Holistic technologies for the energy management of ships
Together with leading partners from the maritime industry, HSVA is launching a large-scale project to develop an energy management system for ships based on rational methods. Partners are Hamburgische Schiffbau-Versuchsanstalt GmbH, AVL Deutschland GmbH, Entwicklungszentrum für Schiffstechnik und Transportsysteme e.V., Friendship Systems AG, Technische Universität Berlin, Technische Universität Hamburg, 52°North - Initiative for Geospatial Open Source Software GmbH, Universität zu Lübeck, Maritimes Zentrum der Hochschule Flensburg, C. Büttner Shipmanagement and AVL Software & Functions. Together with further associated ship operators , a forward-looking energy management and decision support system will be developed, taking into account current operational data and geo-information. This will contribute to improving energy efficiency and reducing emissions from shipping.
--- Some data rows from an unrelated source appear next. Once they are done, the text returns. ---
(* Let $(B,k)$ be an instance of the orthogonal buttons and scissors problem. If $B$ contains more than $k^2$ light buttons, then $(B,k)$ is a no-instance.
   Context: An instance of the orthogonal buttons and scissors problem is a pair $(B,k)$ where $B$ is an $n\times m$ matrix with nonnegative integer entries and $k$ is a nonnegative integer. Cell $(i,j)$ contains a button of color $c$ if $B[i,j]=c>0$, and no button if $B[i,j]=0$. A cut is either a horizontal cut (a sequence of consecutive cells in one row) or a vertical cut (a sequence of consecutive cells in one column). Cuts are applied one after another; a cut is valid at the moment it is applied if, among the buttons still present, its first and last cells contain buttons and all buttons in its cells have the same color. Applying a cut deletes all buttons in its cells. $(B,k)$ is a yes-instance if some sequence of at most $k$ cuts, each valid when applied, removes all buttons of $B$, and a no-instance otherwise. A row or column of $B$ is heavy if it contains at least $k+1$ buttons and light otherwise. A button is heavy if it lies in some heavy row or heavy column, and light otherwise. *)

theory Defs
  imports Main
begin

text \<open>A matrix B with n rows and m columns is modelled as a function
  B :: nat \<Rightarrow> nat \<Rightarrow> nat, where only the entries B i j with i < n and j < m matter.
  Cell (i,j) holds a button of colour B i j iff B i j > 0.\<close>

definition buttons :: "nat \<Rightarrow> nat \<Rightarrow> (nat \<Rightarrow> nat \<Rightarrow> nat) \<Rightarrow> (nat \<times> nat) set" where
  "buttons n m B = {(i, j). i < n \<and> j < m \<and> B i j > 0}"

datatype cut = HCut nat nat nat | VCut nat nat nat

fun cut_ok :: "nat \<Rightarrow> nat \<Rightarrow> cut \<Rightarrow> bool" where
  "cut_ok n m (HCut i a b) = (i < n \<and> a \<le> b \<and> b < m)"
| "cut_ok n m (VCut j a b) = (j < m \<and> a \<le> b \<and> b < n)"

fun cut_cells :: "cut \<Rightarrow> (nat \<times> nat) set" where
  "cut_cells (HCut i a b) = {(i, j) | j. a \<le> j \<and> j \<le> b}"
| "cut_cells (VCut j a b) = {(i, j) | i. a \<le> i \<and> i \<le> b}"

fun cut_first :: "cut \<Rightarrow> nat \<times> nat" where
  "cut_first (HCut i a b) = (i, a)"
| "cut_first (VCut j a b) = (a, j)"

fun cut_last :: "cut \<Rightarrow> nat \<times> nat" where
  "cut_last (HCut i a b) = (i, b)"
| "cut_last (VCut j a b) = (b, j)"

definition valid_cut :: "nat \<Rightarrow> nat \<Rightarrow> (nat \<Rightarrow> nat \<Rightarrow> nat) \<Rightarrow> (nat \<times> nat) set \<Rightarrow> cut \<Rightarrow> bool" where
  "valid_cut n m B S c \<longleftrightarrow> cut_ok n m c \<and> cut_first c \<in> S \<and> cut_last c \<in> S \<and>
     (\<forall>p \<in> cut_cells c \<inter> S. case_prod B p = case_prod B (cut_first c))"

fun apply_cuts :: "nat \<Rightarrow> nat \<Rightarrow> (nat \<Rightarrow> nat \<Rightarrow> nat) \<Rightarrow> (nat \<times> nat) set \<Rightarrow> cut list \<Rightarrow> (nat \<times> nat) set option" where
  "apply_cuts n m B S [] = Some S"
| "apply_cuts n m B S (c # cs) =
     (if valid_cut n m B S c then apply_cuts n m B (S - cut_cells c) cs else None)"

definition yes_instance :: "nat \<Rightarrow> nat \<Rightarrow> (nat \<Rightarrow> nat \<Rightarrow> nat) \<Rightarrow> nat \<Rightarrow> bool" where
  "yes_instance n m B k \<longleftrightarrow>
     (\<exists>cs. length cs \<le> k \<and> apply_cuts n m B (buttons n m B) cs = Some {})"

definition heavy_row :: "nat \<Rightarrow> nat \<Rightarrow> (nat \<Rightarrow> nat \<Rightarrow> nat) \<Rightarrow> nat \<Rightarrow> nat \<Rightarrow> bool" where
  "heavy_row n m B k i \<longleftrightarrow> i < n \<and> card {j. j < m \<and> B i j > 0} \<ge> k + 1"

definition heavy_col :: "nat \<Rightarrow> nat \<Rightarrow> (nat \<Rightarrow> nat \<Rightarrow> nat) \<Rightarrow> nat \<Rightarrow> nat \<Rightarrow> bool" where
  "heavy_col n m B k j \<longleftrightarrow> j < m \<and> card {i. i < n \<and> B i j > 0} \<ge> k + 1"

definition light_buttons :: "nat \<Rightarrow> nat \<Rightarrow> (nat \<Rightarrow> nat \<Rightarrow> nat) \<Rightarrow> nat \<Rightarrow> (nat \<times> nat) set" where
  "light_buttons n m B k =
     {(i, j) \<in> buttons n m B. \<not> heavy_row n m B k i \<and> \<not> heavy_col n m B k j}"

end

theory Submission
  imports Defs
begin

text \<open>A cut lies in a single row or column, and a light button lies in a row and a column
  holding at most k buttons; so each cut removes at most k light buttons, and k cuts
  cannot remove more than k * k of them.\<close>

lemma card_le_length_mul_if_covered:
  assumes cover: "X \<subseteq> (\<Union>x\<in>set xs. F x)"
    and bound: "\<And>x. x \<in> set xs \<Longrightarrow> card (X \<inter> F x) \<le> k"
  shows "card X \<le> length xs * k"
proof (cases "finite X")
  case True
  have "card X = card (\<Union>x\<in>set xs. X \<inter> F x)"
    using cover by (simp add: Int_UN_distrib[symmetric] Int_absorb2)
  also have "\<dots> \<le> (\<Sum>x\<in>set xs. card (X \<inter> F x))"
    by (rule card_UN_le) simp
  also have "\<dots> \<le> card (set xs) * k"
    using sum_mono[of "set xs", OF bound] by simp
  also have "\<dots> \<le> length xs * k"
    by (simp add: card_length)
  finally show ?thesis .
qed simp

lemma apply_cuts_covers:
  "apply_cuts n m B S cs = Some R \<Longrightarrow> S \<subseteq> R \<union> (\<Union>c\<in>set cs. cut_cells c)"
proof (induction cs arbitrary: S)
  case (Cons c cs)
  then have "apply_cuts n m B (S - cut_cells c) cs = Some R"
    by (simp split: if_splits)
  from Cons.IH[OF this] show ?case by auto
qed simp

lemma yes_instance_covered_by_cuts:
  assumes "yes_instance n m B k"
  obtains cs where "length cs \<le> k" and "buttons n m B \<subseteq> (\<Union>c\<in>set cs. cut_cells c)"
  using assms apply_cuts_covers[of n m B "buttons n m B" _ "{}"]
  unfolding yes_instance_def by auto

lemma finite_buttons: "finite (buttons n m B)"
proof (rule finite_subset)
  show "buttons n m B \<subseteq> {..<n} \<times> {..<m}" by (auto simp: buttons_def)
qed simp

lemma finite_light_buttons: "finite (light_buttons n m B k)"
  using finite_buttons by (rule finite_subset[rotated]) (auto simp: light_buttons_def)

lemma card_light_buttons_in_row: "card (light_buttons n m B k \<inter> {p. fst p = i}) \<le> k"
proof (cases "i < n \<and> \<not> heavy_row n m B k i")
  case True
  have "card (light_buttons n m B k \<inter> {p. fst p = i}) \<le> card (Pair i ` {j. j < m \<and> B i j > 0})"
    by (rule card_mono) (auto simp: light_buttons_def buttons_def)
  also have "\<dots> \<le> card {j. j < m \<and> B i j > 0}"
    by (rule card_image_le) simp
  also have "\<dots> \<le> k"
    using True by (auto simp: heavy_row_def)
  finally show ?thesis .
next
  case False
  then have "light_buttons n m B k \<inter> {p. fst p = i} = {}"
    by (auto simp: light_buttons_def buttons_def)
  then show ?thesis by simp
qed

lemma card_light_buttons_in_col: "card (light_buttons n m B k \<inter> {p. snd p = j}) \<le> k"
proof (cases "j < m \<and> \<not> heavy_col n m B k j")
  case True
  have "card (light_buttons n m B k \<inter> {p. snd p = j}) \<le> card ((\<lambda>i. (i, j)) ` {i. i < n \<and> B i j > 0})"
    by (rule card_mono) (auto simp: light_buttons_def buttons_def)
  also have "\<dots> \<le> card {i. i < n \<and> B i j > 0}"
    by (rule card_image_le) simp
  also have "\<dots> \<le> k"
    using True by (auto simp: heavy_col_def)
  finally show ?thesis .
next
  case False
  then have "light_buttons n m B k \<inter> {p. snd p = j} = {}"
    by (auto simp: light_buttons_def buttons_def)
  then show ?thesis by simp
qed

lemma card_light_buttons_in_cut: "card (light_buttons n m B k \<inter> cut_cells c) \<le> k"
proof (cases c)
  case (HCut i a b)
  have "card (light_buttons n m B k \<inter> cut_cells c) \<le> card (light_buttons n m B k \<inter> {p. fst p = i})"
    using HCut finite_light_buttons by (intro card_mono) auto
  then show ?thesis using card_light_buttons_in_row order_trans by blast
next
  case (VCut j a b)
  have "card (light_buttons n m B k \<inter> cut_cells c) \<le> card (light_buttons n m B k \<inter> {p. snd p = j})"
    using VCut finite_light_buttons by (intro card_mono) auto
  then show ?thesis using card_light_buttons_in_col order_trans by blast
qed

theorem mainTheorem3:
  fixes n m k :: nat and B :: "nat \<Rightarrow> nat \<Rightarrow> nat"
  assumes "card (light_buttons n m B k) > k ^ 2"
  shows "\<not> yes_instance n m B k"
proof
  assume "yes_instance n m B k"
  then obtain cs where len: "length cs \<le> k"
    and cover: "buttons n m B \<subseteq> (\<Union>c\<in>set cs. cut_cells c)"
    by (rule yes_instance_covered_by_cuts)
  have "light_buttons n m B k \<subseteq> (\<Union>c\<in>set cs. cut_cells c)"
    using cover by (auto simp: light_buttons_def)
  then have "card (light_buttons n m B k) \<le> length cs * k"
    by (rule card_le_length_mul_if_covered) (rule card_light_buttons_in_cut)
  also have "\<dots> \<le> k ^ 2"
    using len by (simp add: power2_eq_square)
  finally show False using assms by simp
qed

end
The energy consumption of merchant ships is largely determined by their hydrodynamic properties and the systems on board. In some cases, up to 90% of primary energy consumption is used for propulsion and must therefore be optimally managed. The aim of MariData is to develop, improve and classify rational modules for ship energy management by using a carefully selected combination of state-of-the-art maritime technologies and experience as well as AI-based tools and methods for a pioneering product for holistic ship energy and operations management.
Together with geo-information and a Decision Support System (DSS) that brings together technical, environmental and economic data, energy consumption information will be integrated into a platform that can be used both on board the ship and shore-side by a shipping company. The platform will provide on-line simulations for decision support to ship management, as well as assistance with short, medium and long-term forecasts and decisions related to ship operation.
MariData's innovations lie in the precise determination and analysis of the current ship's drag, propulsion and respective fuel consumption under realistic operating conditions, taking into account wind and wave influences. On this basis, a rational analysis of the influences of the individual components is carried out, thus improving the quality of the forecast and the basis for navigation decisions. Integration with state-of-the-art geoservices takes the planned system to a new level. In addition, there are flexible approaches to quickly generate missing data (e.g. geometry) and integrate it into the analysis.
The project is funded by the German Federal Ministry for Economic Affairs and Energy.